TPM Replay¶

This feature provides the ability to replay TPM measurements from a custom-made event log. The primary purpose is for testing operating system features dependent on measurements.

Overview¶

The Trusted Platform Module (TPM) is a secure crypto-processor that provides important security-related functionality. While this includes a number of useful capabilities, this firmware feature focuses on testing boot measurements made to the TPM often used for device attestation and other high-level security-sensitive operating system features. The goal is to simplify OS testing of features dependent on TPM measurements, by allowing an exact sequence of measurements to be specified that will be replayed during firmware boot.

PCRs¶

TPMs contain memory locations called Platform Configuration Registers (PCRs). Each PCR contains the hash for a type of code and/or data loaded during the boot such as firmware code on the non-volatile storage device (for example, SPI flash), option ROMs from PCI devices, or the OS boot loader. The size of a value that can be stored in a PCR is determined by the digest size of the hashing algorithm supported. For example, a SHA-1 PCR can store 20 bytes while a SHA-2 PCR can store 32 bytes. Multiple PCRs associated with the same hashing algorithm are called a bank. The TCG PC Client TPM Profile Specification defines the inclusion of at least one PCR bank with 24 registers (i.e. 24 PCRs).

Per the TCG PC Client Platform Firmware Profile Specification, PCRs contain measurements for different types of data or code. PCRs [0-15] represent S-RTM content. PCRs [0-7] are used for platform firmware, PCRs [8-15] are used for the operating system, and PCRs [16-23] are used for debug, D-RTM, and applications. Since this is a firmware feature, only extending PCRs [0-7] are in scope.

Normally when a TPM is present, firmware components will update or extend the appropriate PCR as new code and data is loaded in the boot process. The extend process updates the PCR value to be the output from the hash algorithm using the current PCR value concatenated with the new code or data argument as input.

  PCR_NEW = HASH (PCR_OLD || HASH (Data))

The result is that PCRs can be inspected after the boot process to determine what executed. The extend operation is the only method to modify a PCR value during boot This allows software in the operating system to understand if the boot process was different than previous boots. In a security sensitive environment, the operating system can be informed of the exact set of code measurements expected in certain PCRs to detect the execution of unexpected firmware code. Since the first 16 PCRs in a bank can only be reset by resetting the entire TPM, they are trusted, and the preferred location for storing important measurements in the TPM.
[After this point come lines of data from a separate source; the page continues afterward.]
(* Let $X=\{0,1\}^{\mathbb Z}$, $\mu=(\tfrac12,\tfrac12)^{\mathbb Z}$, $T$ the two-sided shift, and $d(x,x')=\sum_{k\in\mathbb Z}2^{-|k|-2}|x_k-x'_k|$. Consider $\mathbf X=\mathbf Y=(X,d,\mu,T)$ and choose dense anchor families in $X$ whose first anchor, in both coordinates, is the all-zero sequence $0^\infty$. Then for every $p\ge1$, $\widetilde{\mathrm{Dep}}_{1,1,1,p}(\mathbf X,\mathbf Y)>0$.
   Context: $\mathcal J(T,T)$: Borel probability measures on $X\times X$ with both marginals $\mu$ invariant under $T\times T$. With anchors $(a_r)$, $(b_r)$, for $z_i=(x_i,y_i)$: $\widetilde{\mathcal D}^X_{n,m,R}=\bigl((d(T^ax_i,T^bx_j))_{1\le i,j\le n,0\le a,b<m},(d(T^ax_i,a_r))_{1\le i\le n,0\le a<m,1\le r\le R}\bigr)$, $\widetilde{\mathcal D}^Y_{n,m,R}$ analogously with $y_i$ and $b_r$, $\widetilde\Phi_{n,m,R}(\lambda)=\mathrm{Law}_{\lambda^{\otimes n}}(\widetilde{\mathcal D}^X_{n,m,R},\widetilde{\mathcal D}^Y_{n,m,R})$, and $\widetilde{\mathrm{Dep}}_{n,m,R,p}(\mathbf X,\mathbf Y)=\sup_{\lambda\in\mathcal J(T,T)}W_p(\widetilde\Phi_{n,m,R}(\lambda),\widetilde\Phi_{n,m,R}(\mu\otimes\mu))$, where $W_p$ is the $p$-Wasserstein distance on the finite array cube with a fixed product Euclidean metric. *)

theory Defs
  imports "HOL-Probability.Probability"
begin

type_synonym bseq = "int \<Rightarrow> bool"

definition bern_meas :: "bseq measure" where
  "bern_meas = PiM UNIV (\<lambda>_::int. measure_pmf (bernoulli_pmf (1/2)))"

definition shift :: "bseq \<Rightarrow> bseq" where
  "shift x = (\<lambda>k. x (k + 1))"

definition cantor_dist :: "bseq \<Rightarrow> bseq \<Rightarrow> real" where
  "cantor_dist x x' = infsum (\<lambda>k::int. 2 powr (- \<bar>real_of_int k\<bar> - 2)
        * \<bar>(of_bool (x k) :: real) - of_bool (x' k)\<bar>) UNIV"

definition dense_anchors :: "('a \<Rightarrow> 'a \<Rightarrow> real) \<Rightarrow> (nat \<Rightarrow> 'a) \<Rightarrow> bool" where
  "dense_anchors d a \<longleftrightarrow> (\<forall>x \<epsilon>. \<epsilon> > 0 \<longrightarrow> (\<exists>r\<ge>1. d x (a r) < \<epsilon>))"

definition joinings :: "'a measure \<Rightarrow> ('a \<Rightarrow> 'a) \<Rightarrow> ('a \<times> 'a) measure set" where
  "joinings M T = {l. prob_space l \<and> sets l = sets (M \<Otimes>\<^sub>M M)
      \<and> distr l M fst = M \<and> distr l M snd = M
      \<and> distr l (M \<Otimes>\<^sub>M M) (map_prod T T) = l}"

text \<open>Index set of one array D_{n,m,R}: keys [0,i,j,a,b] for d(T^a x_i, T^b x_j) and
  [1,i,a,r] for d(T^a x_i, a_r) (indices i,j shifted to start at 0, a,b < m, 1<=r<=R).\<close>
definition Dkeys :: "nat \<Rightarrow> nat \<Rightarrow> nat \<Rightarrow> nat list set" where
  "Dkeys n m R = {[0,i,j,a,b] | i j a b. i < n \<and> j < n \<and> a < m \<and> b < m}
      \<union> {[1,i,a,r] | i a r. i < n \<and> a < m \<and> 1 \<le> r \<and> r \<le> R}"

text \<open>Keys of the pair (D^X, D^Y): prefix 0 for the X-array, 1 for the Y-array.\<close>
definition arr_keys :: "nat \<Rightarrow> nat \<Rightarrow> nat \<Rightarrow> nat list set" where
  "arr_keys n m R = {s # k | s k. s < 2 \<and> k \<in> Dkeys n m R}"

definition Dfeat :: "('a \<Rightarrow> 'a \<Rightarrow> real) \<Rightarrow> ('a \<Rightarrow> 'a) \<Rightarrow> (nat \<Rightarrow> 'a) \<Rightarrow> (nat \<Rightarrow> 'a)
    \<Rightarrow> nat list \<Rightarrow> real" where
  "Dfeat d T anc x k =
     (if k ! 0 = 0 then d ((T ^^ (k ! 3)) (x (k ! 1))) ((T ^^ (k ! 4)) (x (k ! 2)))
      else d ((T ^^ (k ! 2)) (x (k ! 1))) (anc (k ! 3)))"

definition Phi_tilde :: "('a \<Rightarrow> 'a \<Rightarrow> real) \<Rightarrow> ('a \<Rightarrow> 'a) \<Rightarrow> (nat \<Rightarrow> 'a) \<Rightarrow> (nat \<Rightarrow> 'a)
    \<Rightarrow> nat \<Rightarrow> nat \<Rightarrow> nat \<Rightarrow> ('a \<times> 'a) measure \<Rightarrow> (nat list \<Rightarrow> real) measure" where
  "Phi_tilde d T a b n m R l =
     distr (PiM {..<n} (\<lambda>_. l)) (PiM (arr_keys n m R) (\<lambda>_. borel))
       (\<lambda>z. \<lambda>k\<in>arr_keys n m R.
           if hd k = 0 then Dfeat d T a (fst \<circ> z) (tl k) else Dfeat d T b (snd \<circ> z) (tl k))"

definition eucl_dist :: "nat list set \<Rightarrow> (nat list \<Rightarrow> real) \<Rightarrow> (nat list \<Rightarrow> real) \<Rightarrow> real" where
  "eucl_dist K u v = sqrt (\<Sum>k\<in>K. (u k - v k)\<^sup>2)"

definition couplings :: "'b measure \<Rightarrow> 'b measure \<Rightarrow> ('b \<times> 'b) measure set" where
  "couplings P Q = {c. prob_space c \<and> sets c = sets (P \<Otimes>\<^sub>M Q)
      \<and> distr c P fst = P \<and> distr c Q snd = Q}"

definition wasserstein :: "('b \<Rightarrow> 'b \<Rightarrow> real) \<Rightarrow> real \<Rightarrow> 'b measure \<Rightarrow> 'b measure \<Rightarrow> ennreal" where
  "wasserstein \<rho> p P Q =
     (let w = (INF c\<in>couplings P Q. \<integral>\<^sup>+ z. ennreal (\<rho> (fst z) (snd z) powr p) \<partial>c)
      in if w = \<top> then \<top> else ennreal (enn2real w powr (1 / p)))"

definition Dep_tilde :: "'a measure \<Rightarrow> ('a \<Rightarrow> 'a) \<Rightarrow> ('a \<Rightarrow> 'a \<Rightarrow> real) \<Rightarrow> (nat \<Rightarrow> 'a)
    \<Rightarrow> (nat \<Rightarrow> 'a) \<Rightarrow> nat \<Rightarrow> nat \<Rightarrow> nat \<Rightarrow> real \<Rightarrow> ennreal" where
  "Dep_tilde M T d a b n m R p =
     (SUP l\<in>joinings M T. wasserstein (eucl_dist (arr_keys n m R)) p
          (Phi_tilde d T a b n m R l) (Phi_tilde d T a b n m R (M \<Otimes>\<^sub>M M)))"

end

theory Submission
  imports Defs
begin

(* For n = m = R = 1 the arrays reduce to the two anchor distances d(x, 0^\<infinity>) and d(y, 0^\<infinity>)
   (the self-distances vanish). Under the diagonal self-joining x = y, so these two entries agree
   almost surely. Under \<mu> \<otimes> \<mu>, with probability 1/64 the sequence x is 1 and y is 0 at the
   coordinates -1, 0, 1, which forces d(x, 0^\<infinity>) \<ge> 1/2 and d(y, 0^\<infinity>) \<le> 1/4. A coupling of the
   two laws must therefore transport this mass by Euclidean distance at least 1/8, so
   W_p \<ge> (1/8) (1/64)^(1/p) > 0. *)

definition cantor_weight :: "int \<Rightarrow> real" where
  "cantor_weight k = 2 powr (- \<bar>real_of_int k\<bar> - 2)"

lemma cantor_weight_eq_power: "cantor_weight k = (1/2) ^ (nat \<bar>k\<bar> + 2)"
proof -
  have "cantor_weight k = 2 powr - real (nat \<bar>k\<bar> + 2)"
    by (simp add: cantor_weight_def algebra_simps)
  also have "\<dots> = inverse (2 ^ (nat \<bar>k\<bar> + 2))"
    by (subst powr_minus, subst powr_realpow) auto
  finally show ?thesis
    by (simp add: power_one_over inverse_eq_divide)
qed

lemma cantor_weight_nonneg: "0 \<le> cantor_weight k"
  by (simp add: cantor_weight_def)

lemma has_sum_cantor_weight_positive: "(cantor_weight has_sum 1/4) (int ` {1..})"
proof -
  have "((\<lambda>n::nat. 1/4 * (1/2::real) ^ n) has_sum 1/4 * ((1/2) / (1 - 1/2))) {1..}"
    by (intro has_sum_cmult_right has_sum_geometric_from_1) simp
  then have "((cantor_weight \<circ> int) has_sum 1/4) {1..}"
    by (simp add: cantor_weight_eq_power o_def power_add)
  then show ?thesis
    by (simp add: has_sum_reindex)
qed

lemma has_sum_cantor_weight: "(cantor_weight has_sum 3/4) UNIV"
proof -
  have "cantor_weight \<circ> uminus = cantor_weight"
    by (simp add: fun_eq_iff cantor_weight_def)
  then have "((cantor_weight \<circ> uminus) has_sum 1/4) (int ` {1..})"
    using has_sum_cantor_weight_positive by simp
  then have neg: "(cantor_weight has_sum 1/4) (uminus ` int ` {1..})"
    by (simp add: has_sum_reindex)
  have "(cantor_weight has_sum 1/4 + 1/4 + cantor_weight 0) (int ` {1..} \<union> uminus ` int ` {1..} \<union> {0})"
    by (intro has_sum_Un_disjoint has_sum_cantor_weight_positive neg has_sum_finite[of "{0}", simplified]) auto
  moreover have "k \<in> int ` {1..} \<union> uminus ` int ` {1..} \<union> {0}" for k :: int
  proof -
    consider "1 \<le> k" | "k \<le> -1" | "k = 0"
      by linarith
    then show ?thesis
    proof cases
      case 1
      then show ?thesis by (intro UnI1 image_eqI[of _ _ "nat k"]) auto
    next
      case 2
      then show ?thesis by (intro UnI1 UnI2 image_eqI[of _ _ "int (nat (- k))"] imageI) auto
    qed simp
  qed
  then have "int ` {1..} \<union> uminus ` int ` {1..} \<union> {0} = UNIV"
    by blast
  ultimately show ?thesis
    by (simp add: cantor_weight_def powr_minus)
qed

lemma summable_on_cantor_weight: "cantor_weight summable_on A"
  by (meson has_sum_cantor_weight summable_on_def summable_on_subset_banach subset_UNIV)

lemma cantor_dist_eq_infsum:
  "cantor_dist x y = infsum (\<lambda>k. cantor_weight k * of_bool (x k \<noteq> y k)) UNIV"
proof -
  have "\<bar>of_bool a - of_bool b\<bar> = (of_bool (a \<noteq> b) :: real)" for a b
    by (cases a; cases b) simp_all
  then show ?thesis
    unfolding cantor_dist_def cantor_weight_def by simp
qed

lemma summable_on_cantor_dist_terms:
  "(\<lambda>k. cantor_weight k * of_bool (x k \<noteq> y k)) summable_on A"
  by (rule summable_on_comparison_test[OF summable_on_cantor_weight])
     (auto simp: cantor_weight_nonneg)

lemma cantor_dist_ge_sum_weight:
  assumes "finite K" "\<forall>k\<in>K. x k \<noteq> y k"
  shows "sum cantor_weight K \<le> cantor_dist x y"
proof -
  have "sum cantor_weight K = infsum (\<lambda>k. cantor_weight k * of_bool (x k \<noteq> y k)) K"
    using assms by simp
  also have "\<dots> \<le> cantor_dist x y"
    unfolding cantor_dist_eq_infsum
    by (intro infsum_mono_neutral summable_on_cantor_dist_terms)
       (auto simp: cantor_weight_nonneg)
  finally show ?thesis .
qed

lemma cantor_dist_le_diff_sum_weight:
  assumes "finite K" "\<forall>k\<in>K. x k = y k"
  shows "cantor_dist x y \<le> 3/4 - sum cantor_weight K"
proof -
  have "(cantor_weight has_sum 3/4 - sum cantor_weight K) (UNIV - K)"
    using assms(1) by (intro has_sum_Diff has_sum_cantor_weight has_sum_finite) auto
  moreover have "cantor_dist x y \<le> infsum cantor_weight (UNIV - K)"
    unfolding cantor_dist_eq_infsum
    by (intro infsum_mono_neutral summable_on_cantor_dist_terms summable_on_cantor_weight)
       (use assms(2) in \<open>auto simp: cantor_weight_nonneg\<close>)
  ultimately show ?thesis
    by (simp add: infsumI)
qed

lemma sum_cantor_weight_centre: "sum cantor_weight {-1, 0, 1} = 1/2"
  by (simp add: cantor_weight_eq_power)

lemma cantor_dist_zero_ge_half: "\<forall>k\<in>{-1, 0, 1}. x k \<Longrightarrow> 1/2 \<le> cantor_dist x (\<lambda>_. False)"
  using cantor_dist_ge_sum_weight[of "{-1, 0, 1}" x] by (simp add: sum_cantor_weight_centre)

lemma cantor_dist_zero_le_quarter: "\<forall>k\<in>{-1, 0, 1}. \<not> x k \<Longrightarrow> cantor_dist x (\<lambda>_. False) \<le> 1/4"
  using cantor_dist_le_diff_sum_weight[of "{-1, 0, 1}" x] by (simp add: sum_cantor_weight_centre)

lemma prob_space_bern_meas: "prob_space bern_meas"
  unfolding bern_meas_def by (intro prob_space_PiM prob_space_measure_pmf)

lemma space_bern_meas [simp]: "space bern_meas = UNIV"
  by (simp add: bern_meas_def space_PiM)

lemma measurable_bern_meas_component [measurable]:
  "(\<lambda>x. x k) \<in> measurable bern_meas (count_space UNIV)"
proof -
  have "(\<lambda>x. x k) \<in> measurable bern_meas (measure_pmf (bernoulli_pmf (1/2)))"
    unfolding bern_meas_def by (rule measurable_component_singleton) simp
  then show ?thesis
    by (simp add: measurable_cong_sets[OF refl sets_measure_pmf_count_space])
qed

(* Enumerating \<int> by int_decode turns the unordered sum into a series of measurable terms. *)
lemma borel_measurable_cantor_dist_left:
  "(\<lambda>x. cantor_dist x y) \<in> borel_measurable bern_meas"
proof -
  let ?f = "\<lambda>x k. cantor_weight k * of_bool (x k \<noteq> y k)"
  have "cantor_dist x y = (\<Sum>n. ?f x (int_decode n))" for x
  proof -
    have "((\<lambda>n. ?f x (int_decode n)) has_sum cantor_dist x y) UNIV"
      using has_sum_reindex_bij_betw[OF bij_int_decode, of "?f x"]
        summable_on_cantor_dist_terms[of x y UNIV]
      by (simp add: cantor_dist_eq_infsum has_sum_infsum)
    then show ?thesis
      by (simp add: sums_unique has_sum_imp_sums)
  qed
  moreover have "(\<lambda>x. \<Sum>n. ?f x (int_decode n)) \<in> borel_measurable bern_meas"
    by measurable
  ultimately show ?thesis
    by simp
qed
PCRs enable the TPM to serve as a Root of Trust for Storage (RTS) and Root of Trust for Reporting (RTR) while the host firmware acts as a Static Root of Trust for Measurement (S-RTM).

TCG Event Log¶

The event log is the information record of measurements made to PCRs by platform firmware. Every measurement made will be reflected in the event log in addition to some informational events that do not extend PCRs.
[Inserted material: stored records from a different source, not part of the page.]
(* Let $n\ge2$, $D_0>0$ and $\alpha>(n-1)\beta\ge0$, and let $p^a\in\mathbb{R}^n_{\ge0}$. For each fixed payment vector $\bar p^d=(p^d_2,\dots,p^d_n)\in\mathbb{R}^{n-1}$, the collusion game described below has a unique pure-strategy Nash equilibrium. It has the following properties. - The colluding pair's price is $$p_1=p^s_1+p^c_1=-\frac{p^a_1}{2}+\frac{D_0}{2(\alpha-(n-1)\beta)}.$$ - For $i=2,\dots,n$, $p^s_i=g_i-p^d_i$ and $p^c_i=h_i+p^d_i$, where the constants $g_i,h_i$ depend only on $p^a,D_0,\alpha,\beta$. - The equilibrium demand vector, the revenues per unit demand, and hence the total revenues of the colluding pair and of the other CPs, do not depend on $\bar p^d$. Thus the equilibrium is unique up to a free choice of $\bar p^d$.
   Context: One ISP and $n$ CPs, where CP 1 has an exclusive contract with the ISP. The ISP together with CP 1 forms a single "colluding pair" player $\overline{ISP}$, which chooses the vector $$\bar p^s=(p_1,p^s_2,\dots,p^s_n),\qquad p_1=p^s_1+p^c_1,$$ where $p_1$ is the price charged to internauts of CP 1. Each CP $i\ge2$ chooses $p^c_i\in\mathbb{R}$. The payments $p^d_i$ ($i\ge2$) from CP $i$ to the ISP are fixed beforehand by a regulator (ex ante regulation). $p^a_i\ge0$ are advertising revenues per unit demand. With $p_i=p^s_i+p^c_i$ and $D_i=D_0-\alpha p_i+\beta\sum_{j\ne i}p_j$, the payoffs are $$U_{\overline{ISP}}=D_1(p_1+p^a_1)+\sum_{i\ge2}D_i(p^s_i+p^d_i),\qquad U_{CP,i}=D_i(p^c_i+p^a_i-p^d_i)\ \ (i\ge2),$$ and all strategies range over the reals. *)

theory Defs
  imports Main "HOL.Real"
begin

text \<open>CPs are indexed by 1..n. The colluding pair's strategy is a function
  s :: nat => real with s 1 = p_1 (price to internauts of CP 1) and
  s i = p^s_i for i = 2..n; other values are irrelevant.
  The CPs' strategies are pc :: nat => real, pc i = p^c_i for i = 2..n.
  pd i = p^d_i (i = 2..n) are the regulated payments, pa i = p^a_i.\<close>

definition price :: "(nat \<Rightarrow> real) \<Rightarrow> (nat \<Rightarrow> real) \<Rightarrow> nat \<Rightarrow> real" where
  "price s pc i = (if i = 1 then s 1 else s i + pc i)"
To simplify how to structure and manage measurement data, this feature accepts the measurements to replay in the form of TCG_PCR_EVENT2 structures. An exception is that the first event in the log may be a TCG_PCClientPCREvent structure which typically represents the Specification ID Version Event for backward compatibility with non-TPM 2.0 aware parsers.

[Optional] Structure: TCG_PCClientPCREvent

TCG_PCClientPCREvent Structure

Name	Type	Size	Offset	Description
pcrIndex	`UINT32`	4	0	The index of the PCR register.
eventType	`UINT32`	4	4	Must be an `EV_NO_ACTION` event.
digest	`BYTE[20]`	20	8	Must be 20 bytes of `0x00`.
eventDataSize	`UINT32`	4	28	The size of the event in bytes.
event	`BYTE[eventDataSize]`	Variable	32	Must be a `TCG_EfiSpecIdEvent` data structure.

Structure: TCG_PCR_EVENT2

TCG_PCR_EVENT2 Structure

Name	Type	Size	Offset	Description
pcrIndex	`UINT32`	4	0	The index of the PCR register.
eventType	`UINT32`	4	4	The type of event.
digests	`TPML_DIGEST_VALUES`	Variable	Variable	A counted list of tagged digests for all active PCR banks.
eventSize	`UINT32`	4	Variable	The size of the event data in bytes.
event	`BYTE[eventSize]`	Variable	Variable	The event data.

Structure: TPML_DIGEST_VALUES

Name	Type	Description
count	`UINT32`	Number of digests in the `digests` array.
digests	`TPMT_HA[]`	Array of hash digest structures.

Structure: TPMT_HA

Name	Type	Description
algId	`UINT16`	Selector of the hash contained in `digest`.
digest	`BYTE[]`	Digest. Size depends on `algId`.

Note that integers are stored in the event log in little-endian and that the TPM2_PCR_EVENT and TPM_PCR_Extend commands operate on big-endian integer values. For example, a TPML_DIGEST_VALUES structure returned from TPM2_PCR_Event would be encoded in big-endian and, in particular, the count and AlgID fields would need to be converted to little-endian before being added to the event log.

TPM Replay Event Log Format¶

The actual format consumed by this feature is documented below. Note that the TCG Event Log information described above is a subset of the complete TPM Replay Event Log structure.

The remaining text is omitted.